[Work item] From the data below, copy exactly the lines that lie between the one holding "sublocale group G" and the one holding "P \<Longrightarrow> y", including both, and nothing more.

[Input]
lemma group_action_relabel:
  assumes act: "group_action G E \<psi>" and inj: "inj_on f E"
  shows "group_action G (f ` E) (relabel_action f E \<psi>)"
proof (rule group_action_by_bijections)
  interpret \<psi>: group_action G E \<psi> by (fact act)
  show "group G" by (rule \<psi>.group_hom[THEN group_hom.axioms(1)])
  fix g assume g: "g \<in> carrier G"
  have "bij_betw (\<psi> g) E E" using \<psi>.bij_prop0[OF g] by (simp add: Bij_def)
  then have "bij_betw (\<psi> g \<circ> inv_into E f) (f ` E) E"
    by (rule bij_betw_trans[OF bij_betw_inv_into[OF inj_on_imp_bij_betw[OF inj]]])
  then have "bij_betw (f \<circ> (\<psi> g \<circ> inv_into E f)) (f ` E) (f ` E)"
    by (rule bij_betw_trans[OF _ inj_on_imp_bij_betw[OF inj]])
  then show "relabel_action f E \<psi> g \<in> Bij (f ` E)"
    unfolding Bij_def relabel_action_def comp_assoc by simp
  fix h e assume h: "h \<in> carrier G" and e: "e \<in> f ` E"
  then obtain x where x: "x \<in> E" "e = f x" by blast
  have "\<psi> h x \<in> E" using \<psi>.element_image[OF h x(1)] by simp
  then show "relabel_action f E \<psi> (g \<otimes>\<^bsub>G\<^esub> h) e = relabel_action f E \<psi> g (relabel_action f E \<psi> h e)"
    using x inj \<psi>.composition_rule[OF x(1) g h] by (simp add: relabel_action_apply)
qed

lemma relabel_action_Int:
  assumes act: "group_action G E \<psi>" and inj: "inj_on f E" and F: "F \<subseteq> f ` E" and g: "g \<in> carrier G"
  shows "relabel_action f E \<psi> g ` F \<inter> F = f ` (\<psi> g ` inv_into E f ` F \<inter> inv_into E f ` F)"
proof -
  let ?F = "inv_into E f ` F"
  have lift: "f ` ?F = F" "?F \<subseteq> E" using F by (auto simp: image_inv_into_cancel inv_into_into)
  have "\<psi> g ` ?F \<subseteq> E" using lift(2) group_action.surj_prop[OF act g] by blast
  then have "f ` (\<psi> g ` ?F \<inter> ?F) = f ` (\<psi> g ` ?F) \<inter> f ` ?F"
    by (rule inj_on_image_Int[OF inj _ lift(2)])
  then show ?thesis using relabel_action_image[OF inj lift(2), of \<psi> g] lift(1) by simp
qed

lemma geometric_simplicial_action_map_complex:
  assumes act: "geometric_simplicial_action G Y \<psi>" and inj: "inj_on f (verts Y)"
  shows "geometric_simplicial_action G (map_complex f Y) (relabel_action f (verts Y) \<psi>)"
proof -
  let ?E = "verts Y" and ?\<phi> = "relabel_action f (verts Y) \<psi>"
  interpret \<psi>: group_action G ?E \<psi>
    using act by (simp add: geometric_simplicial_action_def)
  have simplicial: "?\<phi> g ` \<sigma>' \<in> map_complex f Y"
    if g: "g \<in> carrier G" and \<sigma>': "\<sigma>' \<in> map_complex f Y" for g \<sigma>'
  proof -
    obtain \<sigma> where \<sigma>: "\<sigma> \<in> Y" "\<sigma>' = f ` \<sigma>" using \<sigma>' by (auto simp: map_complex_def)
    have "\<psi> g ` \<sigma> \<in> Y" using act g \<sigma>(1) by (simp add: geometric_simplicial_action_def)
    then show ?thesis
      using \<sigma> relabel_action_image[OF inj simplex_subset_verts[OF \<sigma>(1)], of \<psi> g]
      by (simp add: map_complex_def)
  qed
  have proper: "finite {g \<in> carrier G. ?\<phi> g ` F \<inter> F \<noteq> {}}"
    if F: "finite F" "F \<subseteq> verts (map_complex f Y)" for F
  proof -
    let ?F = "inv_into ?E f ` F"
    have F': "F \<subseteq> f ` ?E" "?F \<subseteq> ?E"
      using F(2) by (auto simp: verts_map_complex inv_into_into)
    have "{g \<in> carrier G. ?\<phi> g ` F \<inter> F \<noteq> {}} = {g \<in> carrier G. \<psi> g ` ?F \<inter> ?F \<noteq> {}}"
      using relabel_action_Int[OF \<psi>.group_action_axioms inj F'(1)]
      by (intro Collect_cong conj_cong refl) simp
    then show ?thesis
      using act F(1) F'(2) by (simp add: geometric_simplicial_action_def)
  qed
  obtain K where K: "finite K" "K \<subseteq> Y" "\<forall>\<sigma>\<in>Y. \<exists>g\<in>carrier G. \<exists>\<tau>\<in>K. \<sigma> \<subseteq> \<psi> g ` \<tau>"
    using act by (auto simp: geometric_simplicial_action_def)
  have cocompact: "\<exists>g\<in>carrier G. \<exists>\<tau>\<in>map_complex f K. \<sigma>' \<subseteq> ?\<phi> g ` \<tau>"
    if \<sigma>': "\<sigma>' \<in> map_complex f Y" for \<sigma>'
  proof -
    obtain \<sigma> where \<sigma>: "\<sigma> \<in> Y" "\<sigma>' = f ` \<sigma>" using \<sigma>' by (auto simp: map_complex_def)
    then obtain g \<tau> where "g \<in> carrier G" "\<tau> \<in> K" "\<sigma> \<subseteq> \<psi> g ` \<tau>" using K(3) by blast
    moreover have "\<tau> \<subseteq> ?E" using \<open>\<tau> \<in> K\<close> K(2) simplex_subset_verts by blast
    ultimately have "\<sigma>' \<subseteq> ?\<phi> g ` (f ` \<tau>)"
      using \<sigma>(2) relabel_action_image[OF inj \<open>\<tau> \<subseteq> ?E\<close>, of \<psi> g] by auto
    moreover have "f ` \<tau> \<in> map_complex f K"
      unfolding map_complex_def using \<open>\<tau> \<in> K\<close> by (rule imageI)
    ultimately show ?thesis using \<open>g \<in> carrier G\<close> by blast
  qed
  show ?thesis
    unfolding geometric_simplicial_action_def
  proof (intro conjI ballI allI impI exI[of _ "map_complex f K"])
    show "group_action G (verts (map_complex f Y)) ?\<phi>"
      using group_action_relabel[OF \<psi>.group_action_axioms inj] by (simp add: verts_map_complex)
    show "finite (map_complex f K)" using K(1) by (simp add: map_complex_def)
    show "map_complex f K \<subseteq> map_complex f Y" using K(2) by (auto simp: map_complex_def)
  qed (use simplicial proper cocompact in blast)+
qed

section \<open>Garside structures\<close>

locale garside =
  fixes G (structure) and P :: "'a set" and \<Delta> :: 'a
  assumes garside: "garside_structure G P \<Delta>"
begin

sublocale group G
  using garside unfolding garside_structure_def by blast

lemma P_subset_carrier: "P \<subseteq> carrier G"
  and one_in_P: "\<one> \<in> P"
  and P_mult_closed: "x \<in> P \<Longrightarrow> y \<in> P \<Longrightarrow> x \<otimes> y \<in> P"
  and Delta_in_P: "\<Delta> \<in> P"
  and lattice_leL: "lattice_order_on (carrier G) (leL G P)"
  and P_generated_by_simples: "P = {listprod G xs | xs. set xs \<subseteq> simples G P \<Delta>}"
  and Delta_conj_P: "(\<lambda>x. inv \<Delta> \<otimes> x \<otimes> \<Delta>) ` P = P"
  using garside unfolding garside_structure_def by blast+

lemma P_inv_closed_eq_one: "x \<in> P \<Longrightarrow> inv x \<in> P \<Longrightarrow> x = \<one>"
  using garside unfolding garside_structure_def by blast

lemma P_carrier [simp]: "x \<in> P \<Longrightarrow> x \<in> carrier G"
  using P_subset_carrier by blast

lemma Delta_carrier [simp]: "\<Delta> \<in> carrier G"
  using Delta_in_P by simp

lemma Delta_conj_in_P_iff: "x \<in> carrier G \<Longrightarrow> inv \<Delta> \<otimes> x \<otimes> \<Delta> \<in> P \<longleftrightarrow> x \<in> P"
proof
  assume x: "x \<in> carrier G" and "inv \<Delta> \<otimes> x \<otimes> \<Delta> \<in> P"
  then obtain y where "y \<in> P" "inv \<Delta> \<otimes> x \<otimes> \<Delta> = inv \<Delta> \<otimes> y \<otimes> \<Delta>"
    using Delta_conj_P by force
  then show "x \<in> P" using x by (simp add: m_assoc)
next
  assume "x \<in> P"
  then show "inv \<Delta> \<otimes> x \<otimes> \<Delta> \<in> P" using Delta_conj_P by blast
qed

lemma Delta_inv_conj_in_P_iff: "x \<in> carrier G \<Longrightarrow> \<Delta> \<otimes> x \<otimes> inv \<Delta> \<in> P \<longleftrightarrow> x \<in> P"
proof -
  assume x: "x \<in> carrier G"
  have "inv \<Delta> \<otimes> (\<Delta> \<otimes> x \<otimes> inv \<Delta>) \<otimes> \<Delta> = x"
    using x by (simp add: m_assoc[symmetric]) (simp add: m_assoc)
  then show ?thesis using Delta_conj_in_P_iff[of "\<Delta> \<otimes> x \<otimes> inv \<Delta>"] x by simp
qed

lemma mult_inv_cancel [simp]: "x \<in> carrier G \<Longrightarrow> y \<in> carrier G \<Longrightarrow> x \<otimes> (inv x \<otimes> y) = y"
  and inv_mult_cancel [simp]: "x \<in> carrier G \<Longrightarrow> y \<in> carrier G \<Longrightarrow> inv x \<otimes> (x \<otimes> y) = y"
  by (simp_all add: m_assoc[symmetric])

lemma inv_mult_eq_one_iff: "x \<in> carrier G \<Longrightarrow> y \<in> carrier G \<Longrightarrow> inv x \<otimes> y = \<one> \<longleftrightarrow> x = y"
  by (metis inv_equality inv_inv inv_closed r_inv)

abbreviation le (infix "\<preceq>" 50) where "a \<preceq> b \<equiv> leL G P a b"

lemma le_iff: "a \<preceq> b \<longleftrightarrow> inv a \<otimes> b \<in> P"
  by (simp add: leL_def)

lemma le_refl: "a \<in> carrier G \<Longrightarrow> a \<preceq> a"
  by (simp add: le_iff one_in_P)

[Output of the exercise]
sublocale group G
  using garside unfolding garside_structure_def by blast

lemma P_subset_carrier: "P \<subseteq> carrier G"
  and one_in_P: "\<one> \<in> P"
  and P_mult_closed: "x \<in> P \<Longrightarrow> y \<in> P \<Longrightarrow> x \<otimes> y \<in> P"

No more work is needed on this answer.